Inference

\(\newcommand{\VS}{\quad \mathrm{VS} \quad}\) \(\newcommand{\and}{\quad \mathrm{and} \quad}\) \(\newcommand{\E}{\mathbb E}\) \(\newcommand{\P}{\mathbb P}\) \(\newcommand{\Var}{\mathbb V}\) \(\newcommand{\1}{\mathbf 1}\)

Estimation of \(\beta\)

Ordinary Least Square Estimator (OLS)

We observe \(Y \in \mathbb R^{n\times 1}\) and \(X \in \mathbb R^{n \times p}\).

What is the best estimator \(\hat \beta\) of \(\beta\) such that \(Y = X\beta + \varepsilon\)?

Ordinary Least Square (OLS) Estimator:

\(\newcommand{\argmin}{\mathrm{argmin}}\)

\[\hat \beta = \argmin_{\beta'}\|Y-X\beta'\|^2\]

Here, \(\|Y-X\beta'\|^2 = \sum_{i=1}^n(Y_i-\beta_1X_{i}^{(1)}- \dots - \beta_pX_i^{(p)})\)

Least squares as an L2 projection

If \(\mathrm{rk}(X) = p\), it holds that

\[\hat \beta = (X^TX)^{-1}X^TY\]

\(X\hat \beta = X(X^TX)^{-1}X^TY\) is the projection of \(Y\) on the space generated by columns of \(X\): \[[X]=\mathrm{Im}(X)=\mathrm{Span}(X^{(1)},\dots, X^{(p)})=\{X\alpha, \alpha \in \mathbb R^p\}\]

Least squares as an L2 projection

\[P_{[X]} = X(X^TX)^{-1}X^T \and \widehat{Y} = P_{[X]}Y = X\hat \beta\]

Check that \(P_{[X]}\) is the orthogonal projector on \([X]\)

That is \(P_{[X]}^2 = P_{[X]}\), \(P_{[X]}=P_{[X]}^T\) and \(\mathrm{Im} (P_{[X]}) = [X]\)

Or, without computation:

\(P_{[X]}Y\) minimizes \(\|Y-Y'\|^2\) over all \(Y' \in [X]\).

So \(P_{[X]}Y\) must be the orthogonal projection by Pythagorean theorem

Least squares as an L2 projection

We can decompose

\[Y = \underbrace{P_{[X]}Y}_{\widehat Y} + \underbrace{(I-P_{[X]})Y}_{"residuals"}\]

Notice that \(I-P_{[X]}= P_{[X]^{\perp}}\) is the orthogonal projection on \([X]^{\perp} = \{\alpha\in \mathbb R^p:~ X\alpha =0\}\)

Least squares as an L2 projection

(image: elements of statistical learning.
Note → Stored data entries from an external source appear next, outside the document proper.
text \<open>Convergence of the products of the partial sums has to be assumed, since the codomain need
  not be complete. The square and triangular partial sums are compared via the scalar Cauchy
  product of the norms.\<close>
lemma bounded_bilinear_Cauchy_product_sums:
  fixes a :: "nat \<Rightarrow> 'a::real_normed_vector" and b :: "nat \<Rightarrow> 'b::real_normed_vector"
    and prod :: "'a \<Rightarrow> 'b \<Rightarrow> 'c::real_normed_vector"
  assumes "bounded_bilinear prod"
    and a: "summable (\<lambda>k. norm (a k))" and b: "summable (\<lambda>k. norm (b k))"
    and lim: "(\<lambda>n. prod (\<Sum>k<n. a k) (\<Sum>k<n. b k)) \<longlonglongrightarrow> L"
  shows "(\<lambda>k. \<Sum>i\<le>k. prod (a i) (b (k - i))) sums L"
proof -
  interpret bounded_bilinear prod by fact
  obtain K where K: "\<And>x y. norm (prod x y) \<le> norm x * norm y * K"
    using pos_bounded by blast
  define square where "square n = {..<n} \<times> {..<n}" for n :: nat
  define triangle where "triangle n = {(i, j). i + j < n}" for n :: nat
  have diff: "sum f (square n - triangle n) = sum f (square n) - sum f (triangle n)"
    for n and f :: "nat \<times> nat \<Rightarrow> 'd::ab_group_add"
    by (rule sum_diff) (auto simp: square_def triangle_def)
  have "(\<lambda>n. \<Sum>(i, j)\<in>square n. norm (a i) * norm (b j)) \<longlonglongrightarrow> (\<Sum>k. norm (a k)) * (\<Sum>k. norm (b k))"
    using tendsto_mult[OF summable_LIMSEQ[OF a] summable_LIMSEQ[OF b]]
    by (simp add: square_def sum_product sum.cartesian_product)
  moreover have "(\<lambda>n. \<Sum>(i, j)\<in>triangle n. norm (a i) * norm (b j)) \<longlonglongrightarrow> (\<Sum>k. norm (a k)) * (\<Sum>k. norm (b k))"
    using Cauchy_product_sums[of "\<lambda>k. norm (a k)" "\<lambda>k. norm (b k)"] a b
    by (simp add: sums_def triangle_def sum.triangle_reindex)
  ultimately have "(\<lambda>n. (\<Sum>(i, j)\<in>square n. norm (a i) * norm (b j)) - (\<Sum>(i, j)\<in>triangle n. norm (a i) * norm (b j)))
      \<longlonglongrightarrow> (\<Sum>k. norm (a k)) * (\<Sum>k. norm (b k)) - (\<Sum>k. norm (a k)) * (\<Sum>k. norm (b k))"
    by (rule tendsto_diff)
  then have norms: "(\<lambda>n. \<Sum>(i, j)\<in>square n - triangle n. norm (a i) * norm (b j)) \<longlonglongrightarrow> 0"
    by (simp add: diff)
  have "(\<lambda>n. \<Sum>(i, j)\<in>square n - triangle n. prod (a i) (b j)) \<longlonglongrightarrow> 0"
  proof (rule Lim_null_comparison)
    show "(\<lambda>n. K * (\<Sum>(i, j)\<in>square n - triangle n. norm (a i) * norm (b j))) \<longlonglongrightarrow> 0"
      using tendsto_mult_right_zero[OF norms] .
    show "\<forall>\<^sub>F n in sequentially. norm (\<Sum>(i, j)\<in>square n - triangle n. prod (a i) (b j))
        \<le> K * (\<Sum>(i, j)\<in>square n - triangle n. norm (a i) * norm (b j))"
      by (intro always_eventually allI order.trans[OF norm_sum])
        (simp add: sum_distrib_left case_prod_unfold sum_mono[OF order.trans[OF K]] ac_simps)
  qed
  moreover have "prod (\<Sum>k<n. a k) (\<Sum>k<n. b k) = (\<Sum>(i, j)\<in>square n. prod (a i) (b j))" for n
    by (simp add: square_def sum_left sum_right sum.cartesian_product[symmetric]) (rule sum.swap)
  with lim have "(\<lambda>n. \<Sum>(i, j)\<in>square n. prod (a i) (b j)) \<longlonglongrightarrow> L"
    by simp
  ultimately have "(\<lambda>n. (\<Sum>(i, j)\<in>square n. prod (a i) (b j)) - (\<Sum>(i, j)\<in>square n - triangle n. prod (a i) (b j)))
      \<longlonglongrightarrow> L - 0"
    by (intro tendsto_diff)
  then have "(\<lambda>n. \<Sum>(i, j)\<in>triangle n. prod (a i) (b j)) \<longlonglongrightarrow> L"
    by (simp add: diff)
  then show ?thesis
    by (simp add: sums_def triangle_def sum.triangle_reindex)
qed
(* Let $k\ge1$. On $[0,1)$ the function $T_{k,1}$ is nonincreasing and the function $T_{k,k}$ is nondecreasing.
   Context: For an integer $k\ge1$, $f_k:[0,1]\to[0,1]$ denotes the unique decreasing function satisfying $f_k(x)^k-f_k(x)^{k+1}=x^k-x^{k+1}$ for all $x\in[0,1]$; it is continuous with $f_k(0)=1$, $f_k(1)=0$. For $1\le j\le k$ and $y\in[0,1)$ define $T_{k,j}(y):=\dfrac{(1-y)\,y^{j-1}}{f_k(y)^j}$. *)

theory Defs
  imports "HOL-Analysis.Analysis"
begin

definition fk :: "nat \<Rightarrow> real \<Rightarrow> real" where
  "fk k = (THE f. (\<forall>x\<in>{0..1}. f x \<in> {0..1} \<and> f x ^ k - f x ^ (k+1) = x ^ k - x ^ (k+1))
                 \<and> strict_antimono_on {0..1} f
                 \<and> (\<forall>x. x \<notin> {0..1} \<longrightarrow> f x = 0))"

definition Tkj :: "nat \<Rightarrow> nat \<Rightarrow> real \<Rightarrow> real" where
  "Tkj k j y = (1 - y) * y ^ (j - 1) / (fk k y) ^ j"

end

theory Submission imports Defs begin

(* Write g(x) = x^k - x^(k+1) = x^k (1 - x).  On [0,1] the polynomial g
   increases strictly up to its peak m = k/(k+1) and then decreases strictly, with
   g(0) = g(1) = 0.  Hence every x in [0,1] has a unique "partner" p(x) on the other
   side of m with g(p(x)) = g(x); the map p is a strictly decreasing involution of
   [0,1], and it is the unique function described in the definition of f_k.

   The heart of the argument is an algebraic identity: if g(a) = g(b) with a <> b
   and b > 0, then (1 - a)/b = 1/S(a/b), where S(r) = 1 + r + ... + r^(k-1).
   Consequently T_{k,1}(u) = (1 - u)/p(u) = 1/S(u/p(u)); since u/p(u) increases and
   S is increasing on [0,oo), T_{k,1} is nonincreasing on [0,1).  Finally, for
   0 < u < 1 one has T_{k,k}(u) = T_{k,1}(p(u)), so T_{k,k} is nondecreasing as the
   composition of two nonincreasing maps; the point u = 0 is checked directly. *)

definition gpoly :: "nat \<Rightarrow> real \<Rightarrow> real" where
  "gpoly k x = x ^ k - x ^ (k + 1)"

definition peak :: "nat \<Rightarrow> real" where
  "peak k = real k / (real k + 1)"

lemma peak_bounds: "k \<ge> 1 \<Longrightarrow> 0 < peak k \<and> peak k < 1"
  by (auto simp: peak_def field_simps)

lemma gpoly_nonneg: "0 \<le> x \<Longrightarrow> x \<le> 1 \<Longrightarrow> 0 \<le> gpoly k x"
proof -
  assume "0 \<le> x" "x \<le> 1"
  hence "0 \<le> x ^ k * (1 - x)" by simp
  thus ?thesis by (simp add: gpoly_def algebra_simps)
qed

lemma gpoly_continuous: "continuous_on A (gpoly k)"
  unfolding gpoly_def[abs_def] by (intro continuous_intros)

text \<open>The derivative k x^(k-1) - (k+1) x^k factors as x^(k-1) (k - (k+1) x); its sign
  is that of m - x for x > 0.\<close>

lemma gpoly_deriv:
  assumes "k \<ge> 1"
  shows "(gpoly k has_real_derivative x ^ (k - 1) * (real k - (real k + 1) * x)) (at x)"
proof -
  have xk: "x ^ (k - 1) * x = x ^ k" using assms by (cases k) (simp_all add: algebra_simps)
  have "(gpoly k has_real_derivative real k * x ^ (k - 1) - real (k + 1) * x ^ k) (at x)"
    using xk unfolding gpoly_def[abs_def] by (auto intro!: derivative_eq_intros simp: algebra_simps)
  moreover have "real k * x ^ (k - 1) - real (k + 1) * x ^ k = x ^ (k - 1) * (real k - (real k + 1) * x)"
    using assms by (cases k) (simp_all add: algebra_simps)
  ultimately show ?thesis by simp
qed

lemma gpoly_increasing:
  assumes "k \<ge> 1" "0 \<le> x" "x < y" "y \<le> peak k"
  shows "gpoly k x < gpoly k y"
proof (rule DERIV_pos_imp_increasing_open[OF assms(3)])
  fix z assume z: "x < z" "z < y"
  have "z * (real k + 1) < y * (real k + 1)" using z by (intro mult_strict_right_mono) auto
  hence "real k - (real k + 1) * z > 0" using assms(4) unfolding peak_def by (simp add: field_simps)
  moreover have "z ^ (k - 1) > 0" using z assms(2) by simp
  ultimately show "\<exists>d. (gpoly k has_real_derivative d) (at z) \<and> d > 0"
    using gpoly_deriv[OF assms(1)] by (intro exI[of _ "z ^ (k - 1) * (real k - (real k + 1) * z)"]) auto
qed (rule gpoly_continuous)

lemma gpoly_decreasing:
  assumes "k \<ge> 1" "peak k \<le> x" "x < y" "y \<le> 1"
  shows "gpoly k y < gpoly k x"
proof (rule DERIV_neg_imp_decreasing_open[OF assms(3)])
  fix z assume z: "x < z" "z < y"
  have "x * (real k + 1) < z * (real k + 1)" using z by (intro mult_strict_right_mono) auto
  hence "real k - (real k + 1) * z < 0" using assms(2) unfolding peak_def by (simp add: field_simps)
  moreover have "z ^ (k - 1) > 0" using z assms(2) peak_bounds[OF assms(1)] by simp
  ultimately show "\<exists>d. (gpoly k has_real_derivative d) (at z) \<and> d < 0"
    using gpoly_deriv[OF assms(1)]
    by (intro exI[of _ "z ^ (k - 1) * (real k - (real k + 1) * z)"]) (auto simp: mult_pos_neg)
qed (rule gpoly_continuous)

lemma gpoly_inj_low:
  assumes "k \<ge> 1" "0 \<le> a" "a \<le> peak k" "0 \<le> b" "b \<le> peak k" "gpoly k a = gpoly k b"
  shows "a = b"
  using gpoly_increasing[OF assms(1), of a b] gpoly_increasing[OF assms(1), of b a] assms
  by (cases a b rule: linorder_cases) auto

lemma gpoly_inj_high:
  assumes "k \<ge> 1" "peak k \<le> a" "a \<le> 1" "peak k \<le> b" "b \<le> 1" "gpoly k a = gpoly k b"
  shows "a = b"
  using gpoly_decreasing[OF assms(1), of a b] gpoly_decreasing[OF assms(1), of b a] assms
  by (cases a b rule: linorder_cases) auto

section \<open>The partner map\<close>

text \<open>By the intermediate value theorem, each value of g on the rising branch [0, m]
  is taken exactly once on the falling branch [m, 1], and vice versa.\<close>

lemma partner_on_high_branch:
  assumes k: "k \<ge> 1" and x: "0 \<le> x" "x \<le> peak k"
  shows "\<exists>!y. peak k \<le> y \<and> y \<le> 1 \<and> gpoly k y = gpoly k x"
proof -
  have m: "0 < peak k" "peak k < 1" using peak_bounds[OF k] by auto
  have "gpoly k x \<le> gpoly k (peak k)"
    using gpoly_increasing[OF k x(1), of "peak k"] x(2) by (cases "x = peak k") auto
  moreover have "gpoly k 1 \<le> gpoly k x" using gpoly_nonneg[of x k] x m by (simp add: gpoly_def)
  ultimately obtain y where "peak k \<le> y \<and> y \<le> 1 \<and> gpoly k y = gpoly k x"
    using IVT2'[of "gpoly k" 1 _ "peak k", OF _ _ _ gpoly_continuous] m by auto
  thus ?thesis using gpoly_inj_high[OF k, of _ y] by (intro ex1I[of _ y]) auto
qed

lemma partner_on_low_branch:
  assumes k: "k \<ge> 1" and x: "peak k < x" "x \<le> 1"
  shows "\<exists>!y. 0 \<le> y \<and> y \<le> peak k \<and> gpoly k y = gpoly k x"
proof -
  have m: "0 < peak k" "peak k < 1" using peak_bounds[OF k] by auto
  have "gpoly k x \<le> gpoly k (peak k)" using gpoly_decreasing[OF k _ x] by simp
  moreover have "gpoly k 0 = 0" using k by (simp add: gpoly_def)
  hence "gpoly k 0 \<le> gpoly k x" using gpoly_nonneg[of x k] x m by simp
  ultimately obtain y where "0 \<le> y \<and> y \<le> peak k \<and> gpoly k y = gpoly k x"
    using IVT'[of "gpoly k" 0 _ "peak k", OF _ _ _ gpoly_continuous] m by auto
  thus ?thesis using gpoly_inj_low[OF k, of _ y] by (intro ex1I[of _ y]) auto
qed

definition partner :: "nat \<Rightarrow> real \<Rightarrow> real" where
  "partner k x =
    (if 0 \<le> x \<and> x \<le> peak k then (THE y. peak k \<le> y \<and> y \<le> 1 \<and> gpoly k y = gpoly k x)
     else if peak k < x \<and> x \<le> 1 then (THE y. 0 \<le> y \<and> y \<le> peak k \<and> gpoly k y = gpoly k x)
     else 0)"

lemma partner_low:
  assumes "k \<ge> 1" "0 \<le> x" "x \<le> peak k"
  shows "peak k \<le> partner k x \<and> partner k x \<le> 1 \<and> gpoly k (partner k x) = gpoly k x"
  using theI'[OF partner_on_high_branch[OF assms]] assms by (simp add: partner_def)

lemma partner_high:
  assumes "k \<ge> 1" "peak k < x" "x \<le> 1"
  shows "0 \<le> partner k x \<and> partner k x \<le> peak k \<and> gpoly k (partner k x) = gpoly k x"
  using theI'[OF partner_on_low_branch[OF assms]] assms by (simp add: partner_def)

lemma partner_range:
  assumes k: "k \<ge> 1" and x: "0 \<le> x" "x \<le> 1"
  shows "0 \<le> partner k x \<and> partner k x \<le> 1 \<and> gpoly k (partner k x) = gpoly k x"
  using partner_low[OF k x(1)] partner_high[OF k _ x(2)] peak_bounds[OF k]
  by (cases "x \<le> peak k") auto

lemma partner_outside: "k \<ge> 1 \<Longrightarrow> \<not> (0 \<le> x \<and> x \<le> 1) \<Longrightarrow> partner k x = 0"
  using peak_bounds[of k] by (auto simp: partner_def)

lemma partner_fixpoint_iff:
  assumes k: "k \<ge> 1" and x: "0 \<le> x" "x \<le> 1"
  shows "partner k x = x \<longleftrightarrow> x = peak k"
proof
  assume "partner k x = x"
  thus "x = peak k" using partner_low[OF k x(1)] partner_high[OF k _ x(2)] by (cases "x \<le> peak k") auto
next
  assume "x = peak k"
  thus "partner k x = x"
    using partner_low[OF k, of x] gpoly_inj_high[OF k, of "partner k x" x] peak_bounds[OF k] by auto
qed

lemma partner_only_roots:
  assumes k: "k \<ge> 1" and x: "0 \<le> x" "x \<le> 1" and z: "0 \<le> z" "z \<le> 1"
    and eq: "gpoly k z = gpoly k x"
  shows "z = x \<or> z = partner k x"
proof (cases "x \<le> peak k"; cases "z \<le> peak k")
  assume "x \<le> peak k" "z \<le> peak k"
  thus ?thesis using gpoly_inj_low[OF k z(1) _ x(1)] eq by auto
next
  assume "x \<le> peak k" "\<not> z \<le> peak k"
  thus ?thesis using gpoly_inj_high[OF k _ z(2), of "partner k x"] partner_low[OF k x(1)] eq by auto
next
  assume "\<not> x \<le> peak k" "z \<le> peak k"
  thus ?thesis using gpoly_inj_low[OF k z(1) _, of "partner k x"] partner_high[OF k _ x(2)] eq by auto
next
  assume "\<not> x \<le> peak k" "\<not> z \<le> peak k"
  thus ?thesis using gpoly_inj_high[OF k _ z(2), of x] x eq by auto
qed

lemma partner_involution:
  assumes k: "k \<ge> 1" and x: "0 \<le> x" "x \<le> 1"
  shows "partner k (partner k x) = x"
proof -
  have p: "0 \<le> partner k x" "partner k x \<le> 1" "gpoly k x = gpoly k (partner k x)"
    using partner_range[OF k x] by auto
  have "x = partner k x \<or> x = partner k (partner k x)"
    using partner_only_roots[OF k p(1,2) x p(3)] .
  thus ?thesis using partner_fixpoint_iff[OF k x] by auto
qed
(* Let $p\ge1$ and let $F:\mathbb{R}\to E^p$ be $D$-continuous. Then for every compact set $U\subset\mathbb{R}$, the set $F(U)=\{F(t): t\in U\}$ is uniformly-support-bounded, i.e. there is a compact set $K\subset\mathbb{R}^p$ such that $[F(t)]_0\subset K$ for all $t\in U$.
   Context: A fuzzy subset of $\mathbb{R}^p$ is a function $u:\mathbb{R}^p\to[0,1]$. Its $\alpha$-cut is $[u]_\alpha=\{x\in\mathbb{R}^p: u(x)\ge\alpha\}$ for $\alpha\in(0,1]$, and $[u]_0=\overline{\{x\in\mathbb{R}^p: u(x)>0\}}$. The set $E^p$ of $p$-dimensional fuzzy numbers consists of all fuzzy subsets $u$ of $\mathbb{R}^p$ such that $[u]_\alpha$ is a nonempty compact convex subset of $\mathbb{R}^p$ for every $\alpha\in[0,1]$. The sendograph of $u\in E^p$ is $\mathrm{send}\,u=\{(x,\alpha)\in[u]_0\times[0,1]: u(x)\ge\alpha\}\subset\mathbb{R}^{p+1}$. For nonempty compact $U,V\subset\mathbb{R}^{p+1}$ (with the Euclidean metric $d$), the Hausdorff metric is $H(U,V)=\max\{H^*(U,V),H^*(V,U)\}$ with $H^*(U,V)=\sup_{a\in U}\inf_{b\in V}d(a,b)$. The sendograph metric on $E^p$ is $D(u,v)=H(\mathrm{send}\,u,\mathrm{send}\,v)$. A function $F:\mathbb{R}\to E^p$ is $D$-continuous if $\lim_{y\to x}D(F(y),F(x))=0$ for every $x\in\mathbb{R}$. *)

theory Defs
  imports "HOL-Analysis.Analysis"
begin

text \<open>Fuzzy subsets of R^p are modelled as functions u :: 'a \<Rightarrow> real with 'a a
  Euclidean space (so p = DIM('a) \<ge> 1); values in [0,1] are required in fuzzy_number.\<close>

definition cut :: "('a::euclidean_space \<Rightarrow> real) \<Rightarrow> real \<Rightarrow> 'a set" where
  "cut u \<alpha> = (if \<alpha> = 0 then closure {x. u x > 0} else {x. u x \<ge> \<alpha>})"

definition fuzzy_number :: "('a::euclidean_space \<Rightarrow> real) \<Rightarrow> bool" where
  "fuzzy_number u \<longleftrightarrow> (\<forall>x. 0 \<le> u x \<and> u x \<le> 1) \<and>
     (\<forall>\<alpha>\<in>{0..1}. cut u \<alpha> \<noteq> {} \<and> compact (cut u \<alpha>) \<and> convex (cut u \<alpha>))"

text \<open>Sendograph, a subset of R^p \<times> R = R^(p+1) (the product metric on 'a \<times> real is Euclidean).\<close>
definition send :: "('a::euclidean_space \<Rightarrow> real) \<Rightarrow> ('a \<times> real) set" where
  "send u = {(x, \<alpha>). x \<in> cut u 0 \<and> \<alpha> \<in> {0..1} \<and> u x \<ge> \<alpha>}"

definition hausdorff_semi :: "'b::metric_space set \<Rightarrow> 'b set \<Rightarrow> real" where
  "hausdorff_semi U V = (SUP a\<in>U. INF b\<in>V. dist a b)"

definition hausdorff :: "'b::metric_space set \<Rightarrow> 'b set \<Rightarrow> real" where
  "hausdorff U V = max (hausdorff_semi U V) (hausdorff_semi V U)"

definition sendograph_metric :: "('a::euclidean_space \<Rightarrow> real) \<Rightarrow> ('a \<Rightarrow> real) \<Rightarrow> real" where
  "sendograph_metric u v = hausdorff (send u) (send v)"

end

theory Submission
  imports Defs
begin

text \<open>The support radius r(u) = max {norm x | x \<in> [u]_0} satisfies
  \<bar>r(v) - r(u)\<bar> \<le> D(u,v): every (z,0) in the sendograph of v lies within D(u,v) + \<epsilon> of
  some (w,\<alpha>) in the sendograph of u, and then norm z \<le> norm w + dist z w.
  Hence t \<mapsto> r(F t) is continuous, bounded on the compact set U by some M, and
  K = cball 0 M works.\<close>

lemma send_subset_Times: "send u \<subseteq> cut u 0 \<times> {0..1}"
  unfolding send_def by auto

lemma bounded_send:
  assumes "fuzzy_number u" shows "bounded (send u)"
proof -
  have "compact (cut u 0)" using assms unfolding fuzzy_number_def by auto
  then have "compact (cut u 0 \<times> {0..(1::real)})" by (intro compact_Times compact_Icc)
  then show ?thesis
    using send_subset_Times compact_imp_bounded bounded_subset by blast
qed

lemma zero_level_in_send:
  assumes "fuzzy_number u" "z \<in> cut u 0" shows "(z, 0) \<in> send u"
  using assms unfolding fuzzy_number_def send_def by auto

lemma send_nonempty:
  assumes "fuzzy_number u" shows "send u \<noteq> {}"
proof -
  obtain z where "z \<in> cut u 0" using assms unfolding fuzzy_number_def by fastforce
  then show ?thesis using zero_level_in_send[OF assms] by blast
qed

lemma hausdorff_semi_less_imp_close:
  fixes U V :: "'b::metric_space set"
  assumes "a \<in> U" "bounded U" "V \<noteq> {}" "hausdorff_semi U V < e"
  shows "\<exists>b\<in>V. dist a b < e"
proof -
  obtain b0 where b0: "b0 \<in> V" using assms(3) by auto
  obtain c r where cr: "\<forall>x\<in>U. dist c x \<le> r" using assms(2) unfolding bounded_def by auto
  have bdd_V: "bdd_below ((\<lambda>b. dist x b) ` V)" for x
    by (auto intro: bdd_belowI2[where m = 0])
  have "bdd_above ((\<lambda>a. INF b\<in>V. dist a b) ` U)"
  proof (rule bdd_aboveI2)
    fix x assume x: "x \<in> U"
    have "(INF b\<in>V. dist x b) \<le> dist x b0"
      by (rule cINF_lower[OF bdd_V b0])
    also have "\<dots> \<le> dist c x + dist c b0" by (metis dist_commute dist_triangle)
    also have "\<dots> \<le> r + dist c b0" using cr x by auto
    finally show "(INF b\<in>V. dist x b) \<le> r + dist c b0" .
  qed
  then have "(INF b\<in>V. dist a b) \<le> hausdorff_semi U V"
    unfolding hausdorff_semi_def using assms(1) by (rule cSUP_upper2) auto
  with assms(4) have "(INF b\<in>V. dist a b) < e" by linarith
  then show ?thesis using cINF_less_iff[OF assms(3) bdd_V] by auto
qed

lemma sendograph_metric_commute: "sendograph_metric u v = sendograph_metric v u"
  unfolding sendograph_metric_def hausdorff_def by (simp add: max.commute)

lemma support_close_if_sendograph_metric_less:
  assumes u: "fuzzy_number u" and v: "fuzzy_number v"
    and less: "sendograph_metric v u < e" and z: "z \<in> cut v 0"
  shows "\<exists>w\<in>cut u 0. dist z w < e"
proof -
  have "hausdorff_semi (send v) (send u) < e"
    using less unfolding sendograph_metric_def hausdorff_def by auto
  then obtain b where b: "b \<in> send u" "dist (z, 0::real) b < e"
    using hausdorff_semi_less_imp_close[OF zero_level_in_send[OF v z] bounded_send[OF v]
        send_nonempty[OF u]] by blast
  obtain w \<alpha> where b_eq: "b = (w, \<alpha>)" by (cases b)
  have "w \<in> cut u 0" using b(1) b_eq unfolding send_def by auto
  moreover have "dist z w < e"
    using b(2) b_eq dist_fst_le[of "(z, 0::real)" b] by simp
  ultimately show ?thesis by blast
qed

definition support_radius :: "('a::euclidean_space \<Rightarrow> real) \<Rightarrow> real" where
  "support_radius u = (SUP x\<in>cut u 0. norm x)"

lemma norm_le_support_radius:
  assumes "fuzzy_number u" "x \<in> cut u 0"
  shows "norm x \<le> support_radius u"
proof -
  have "compact (cut u 0)" using assms(1) unfolding fuzzy_number_def by auto
  then have "bounded (cut u 0)" by (rule compact_imp_bounded)
  then have "bdd_above (norm ` cut u 0)"
    by (simp add: bounded_imp_bdd_above bounded_norm_comp)
  then show ?thesis
    unfolding support_radius_def by (rule cSUP_upper[OF assms(2)])
qed

lemma support_subset_cball_radius:
  assumes "fuzzy_number u" shows "cut u 0 \<subseteq> cball 0 (support_radius u)"
  using norm_le_support_radius[OF assms] by auto

lemma support_radius_le:
  assumes "fuzzy_number u" "\<And>x. x \<in> cut u 0 \<Longrightarrow> norm x \<le> R"
  shows "support_radius u \<le> R"
  using assms unfolding support_radius_def fuzzy_number_def by (intro cSUP_least) auto

lemma support_radius_le_add_sendograph_metric:
  assumes u: "fuzzy_number u" and v: "fuzzy_number v"
  shows "support_radius v \<le> support_radius u + sendograph_metric v u"
proof (rule support_radius_le[OF v], rule field_le_epsilon)
  fix z :: 'a and \<epsilon> :: real
  assume z: "z \<in> cut v 0" and "0 < \<epsilon>"
  then have "sendograph_metric v u < sendograph_metric v u + \<epsilon>" by simp
  then obtain w where w: "w \<in> cut u 0" "dist z w < sendograph_metric v u + \<epsilon>"
    using support_close_if_sendograph_metric_less[OF u v _ z] by blast
  have "norm z \<le> norm w + dist z w"
    using norm_triangle_ineq[of "z - w" w] by (simp add: dist_norm)
  with w norm_le_support_radius[OF u w(1)]
  show "norm z \<le> support_radius u + sendograph_metric v u + \<epsilon>" by linarith
qed

lemma support_radius_dist_le_sendograph_metric:
  assumes "fuzzy_number u" "fuzzy_number v"
  shows "\<bar>support_radius v - support_radius u\<bar> \<le> sendograph_metric v u"
  using support_radius_le_add_sendograph_metric[OF assms]
    support_radius_le_add_sendograph_metric[OF assms(2,1)]
  by (simp add: sendograph_metric_commute abs_le_iff)

lemma isCont_support_radius:
  assumes fuzzy: "\<forall>t. fuzzy_number (F t)"
    and cont: "((\<lambda>y. sendograph_metric (F y) (F x)) \<longlongrightarrow> 0) (at x)"
  shows "isCont (\<lambda>t. support_radius (F t)) x"
proof -
  have "norm (support_radius (F y) - support_radius (F x)) \<le> sendograph_metric (F y) (F x)" for y
    using support_radius_dist_le_sendograph_metric[OF fuzzy[rule_format] fuzzy[rule_format]]
    by simp
  then have "((\<lambda>y. support_radius (F y) - support_radius (F x)) \<longlongrightarrow> 0) (at x)"
    by (intro Lim_null_comparison[OF always_eventually cont]) blast
  then show ?thesis unfolding isCont_def by (rule LIM_zero_cancel)
qed

theorem theorem2p2:
  fixes F :: "real \<Rightarrow> ('a::euclidean_space \<Rightarrow> real)"
    and U :: "real set"
  assumes fuzzy: "\<forall>t. fuzzy_number (F t)"
    and cont: "\<forall>x. ((\<lambda>y. sendograph_metric (F y) (F x)) \<longlongrightarrow> 0) (at x)"
    and U: "compact U"
  shows "\<exists>K::'a set. compact K \<and> (\<forall>t\<in>U. cut (F t) 0 \<subseteq> K)"
proof -
  have "continuous_on U (\<lambda>t. support_radius (F t))"
    by (intro continuous_at_imp_continuous_on ballI isCont_support_radius[OF fuzzy]
        cont[rule_format])
  then have "bounded ((\<lambda>t. support_radius (F t)) ` U)"
    by (rule compact_imp_bounded[OF compact_continuous_image[OF _ U]])
  then obtain M where M: "\<And>t. t \<in> U \<Longrightarrow> support_radius (F t) \<le> M"
    unfolding bounded_real by (meson abs_le_D1 imageI)
  have "cut (F t) 0 \<subseteq> cball 0 M" if "t \<in> U" for t
    using support_subset_cball_radius[OF fuzzy[rule_format]] subset_cball[OF M[OF that]]
    by (rule order.trans)
  then show ?thesis using compact_cball by blast
qed

end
In yellow: \([X]\) with \(p=2\))

Properties on \(\hat \beta\)

Expectation and variance

Assume that \(rk(X)=p\), \(\mathbb E[\varepsilon] = 0\) and \(\mathbb V(\varepsilon) = \sigma^2I_n\). Then,

  • \(\hat \beta = (X^TX)^{-1}X Y\) is a linear estimator
  • \(\mathbb E[\hat \beta] = \beta\) unbiased estimator
  • \(\mathbb V(\hat \beta) = \sigma^2(X^TX)^{-1}\)

Gauss-Markov Theorem

Under the same assumptions, if \(\tilde \beta\) is another linear and unbiased estimator then \[\mathbb V(\hat \beta) \preceq \mathbb V(\tilde \beta),\]

where \(A\preceq B\) means that \(B-A\) is a symmetric positive semidefinite matrix Elements of proof

Estimation of \(\sigma^2\)

Residuals

We define the residuals \(\hat \varepsilon\) as

\[ \hat \varepsilon = Y- \hat Y = Y-X\hat \beta \]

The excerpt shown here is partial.